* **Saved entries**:
::::::::

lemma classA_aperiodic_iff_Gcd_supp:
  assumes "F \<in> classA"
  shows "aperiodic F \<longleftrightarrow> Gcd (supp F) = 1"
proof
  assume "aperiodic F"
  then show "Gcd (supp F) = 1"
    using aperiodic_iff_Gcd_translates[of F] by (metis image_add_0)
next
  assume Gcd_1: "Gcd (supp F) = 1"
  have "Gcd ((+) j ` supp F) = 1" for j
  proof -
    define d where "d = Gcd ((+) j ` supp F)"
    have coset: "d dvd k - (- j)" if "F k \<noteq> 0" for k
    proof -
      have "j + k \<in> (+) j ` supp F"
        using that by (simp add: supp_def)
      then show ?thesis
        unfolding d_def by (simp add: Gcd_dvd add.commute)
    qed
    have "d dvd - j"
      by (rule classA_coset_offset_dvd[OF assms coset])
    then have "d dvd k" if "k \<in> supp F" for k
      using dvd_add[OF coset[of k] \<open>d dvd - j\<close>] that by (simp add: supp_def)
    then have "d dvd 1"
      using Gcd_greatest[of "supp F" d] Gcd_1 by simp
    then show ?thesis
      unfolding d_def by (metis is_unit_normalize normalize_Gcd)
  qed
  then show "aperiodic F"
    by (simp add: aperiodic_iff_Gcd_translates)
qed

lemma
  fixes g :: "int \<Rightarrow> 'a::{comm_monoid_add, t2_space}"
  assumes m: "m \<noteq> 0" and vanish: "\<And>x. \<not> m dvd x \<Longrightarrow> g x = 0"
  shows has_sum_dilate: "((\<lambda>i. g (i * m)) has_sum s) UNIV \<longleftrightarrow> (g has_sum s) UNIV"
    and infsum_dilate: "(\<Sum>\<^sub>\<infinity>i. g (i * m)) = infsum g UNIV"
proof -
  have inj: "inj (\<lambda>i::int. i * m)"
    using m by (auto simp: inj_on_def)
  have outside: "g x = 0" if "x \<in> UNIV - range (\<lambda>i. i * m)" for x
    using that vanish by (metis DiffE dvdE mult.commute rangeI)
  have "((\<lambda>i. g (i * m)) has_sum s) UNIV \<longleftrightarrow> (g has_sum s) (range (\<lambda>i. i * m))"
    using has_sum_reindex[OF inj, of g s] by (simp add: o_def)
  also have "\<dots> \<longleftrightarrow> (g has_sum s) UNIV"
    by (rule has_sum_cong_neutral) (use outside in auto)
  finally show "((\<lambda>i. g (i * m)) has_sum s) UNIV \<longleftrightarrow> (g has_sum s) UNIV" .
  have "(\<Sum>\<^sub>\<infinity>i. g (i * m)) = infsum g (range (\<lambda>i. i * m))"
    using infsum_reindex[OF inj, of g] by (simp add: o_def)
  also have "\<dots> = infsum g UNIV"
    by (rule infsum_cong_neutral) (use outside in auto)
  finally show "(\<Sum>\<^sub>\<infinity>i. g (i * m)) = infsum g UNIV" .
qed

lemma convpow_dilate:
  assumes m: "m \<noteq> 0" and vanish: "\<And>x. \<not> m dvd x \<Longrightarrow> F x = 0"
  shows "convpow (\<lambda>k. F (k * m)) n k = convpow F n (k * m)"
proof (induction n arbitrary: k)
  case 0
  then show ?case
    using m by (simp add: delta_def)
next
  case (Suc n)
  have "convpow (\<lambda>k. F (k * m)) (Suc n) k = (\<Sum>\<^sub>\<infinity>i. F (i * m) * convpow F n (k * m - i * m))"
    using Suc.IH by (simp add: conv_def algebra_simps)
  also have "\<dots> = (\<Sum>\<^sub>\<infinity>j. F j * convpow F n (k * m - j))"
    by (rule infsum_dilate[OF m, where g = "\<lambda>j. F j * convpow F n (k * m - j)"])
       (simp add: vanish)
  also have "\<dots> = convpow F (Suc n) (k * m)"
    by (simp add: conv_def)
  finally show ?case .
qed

::::::::

* **Requirement**: Retype every entry exactly.

* **Result**:
lemma classA_aperiodic_iff_Gcd_supp:
  assumes "F \<in> classA"
  shows "aperiodic F \<longleftrightarrow> Gcd (supp F) = 1"
proof
  assume "aperiodic F"
  then show "Gcd (supp F) = 1"
    using aperiodic_iff_Gcd_translates[of F] by (metis image_add_0)
next
  assume Gcd_1: "Gcd (supp F) = 1"
  have "Gcd ((+) j ` supp F) = 1" for j
  proof -
    define d where "d = Gcd ((+) j ` supp F)"
    have coset: "d dvd k - (- j)" if "F k \<noteq> 0" for k
    proof -
      have "j + k \<in> (+) j ` supp F"
        using that by (simp add: supp_def)
      then show ?thesis
        unfolding d_def by (simp add: Gcd_dvd add.commute)
    qed
    have "d dvd - j"
      by (rule classA_coset_offset_dvd[OF assms coset])
    then have "d dvd k" if "k \<in> supp F" for k
      using dvd_add[OF coset[of k] \<open>d dvd - j\<close>] that by (simp add: supp_def)
    then have "d dvd 1"
      using Gcd_greatest[of "supp F" d] Gcd_1 by simp
    then show ?thesis
      unfolding d_def by (metis is_unit_normalize normalize_Gcd)
  qed
  then show "aperiodic F"
    by (simp add: aperiodic_iff_Gcd_translates)
qed

lemma
  fixes g :: "int \<Rightarrow> 'a::{comm_monoid_add, t2_space}"
  assumes m: "m \<noteq> 0" and vanish: "\<And>x. \<not> m dvd x \<Longrightarrow> g x = 0"
  shows has_sum_dilate: "((\<lambda>i. g (i * m)) has_sum s) UNIV \<longleftrightarrow> (g has_sum s) UNIV"
    and infsum_dilate: "(\<Sum>\<^sub>\<infinity>i. g (i * m)) = infsum g UNIV"
proof -
  have inj: "inj (\<lambda>i::int. i * m)"
    using m by (auto simp: inj_on_def)
  have outside: "g x = 0" if "x \<in> UNIV - range (\<lambda>i. i * m)" for x
    using that vanish by (metis DiffE dvdE mult.commute rangeI)
  have "((\<lambda>i. g (i * m)) has_sum s) UNIV \<longleftrightarrow> (g has_sum s) (range (\<lambda>i. i * m))"
    using has_sum_reindex[OF inj, of g s] by (simp add: o_def)
  also have "\<dots> \<longleftrightarrow> (g has_sum s) UNIV"
    by (rule has_sum_cong_neutral) (use outside in auto)
  finally show "((\<lambda>i. g (i * m)) has_sum s) UNIV \<longleftrightarrow> (g has_sum s) UNIV" .
  have "(\<Sum>\<^sub>\<infinity>i. g (i * m)) = infsum g (range (\<lambda>i. i * m))"
    using infsum_reindex[OF inj, of g] by (simp add: o_def)
  also have "\<dots> = infsum g UNIV"
    by (rule infsum_cong_neutral) (use outside in auto)
  finally show "(\<Sum>\<^sub>\<infinity>i. g (i * m)) = infsum g UNIV" .
qed

lemma convpow_dilate:
  assumes m: "m \<noteq> 0" and vanish: "\<And>x. \<not> m dvd x \<Longrightarrow> F x = 0"
  shows "convpow (\<lambda>k. F (k * m)) n k = convpow F n (k * m)"
proof (induction n arbitrary: k)
  case 0
  then show ?case
    using m by (simp add: delta_def)
next
  case (Suc n)
  have "convpow (\<lambda>k. F (k * m)) (Suc n) k = (\<Sum>\<^sub>\<infinity>i. F (i * m) * convpow F n (k * m - i * m))"
    using Suc.IH by (simp add: conv_def algebra_simps)
  also have "\<dots> = (\<Sum>\<^sub>\<infinity>j. F j * convpow F n (k * m - j))"
    by (rule infsum_dilate[OF m, where g = "\<lambda>j. F j * convpow F n (k * m - j)"])
       (simp add: vanish)
  also have "\<dots> = convpow F (Suc n) (k * m)"
    by (simp add: conv_def)
  finally show ?case .
qed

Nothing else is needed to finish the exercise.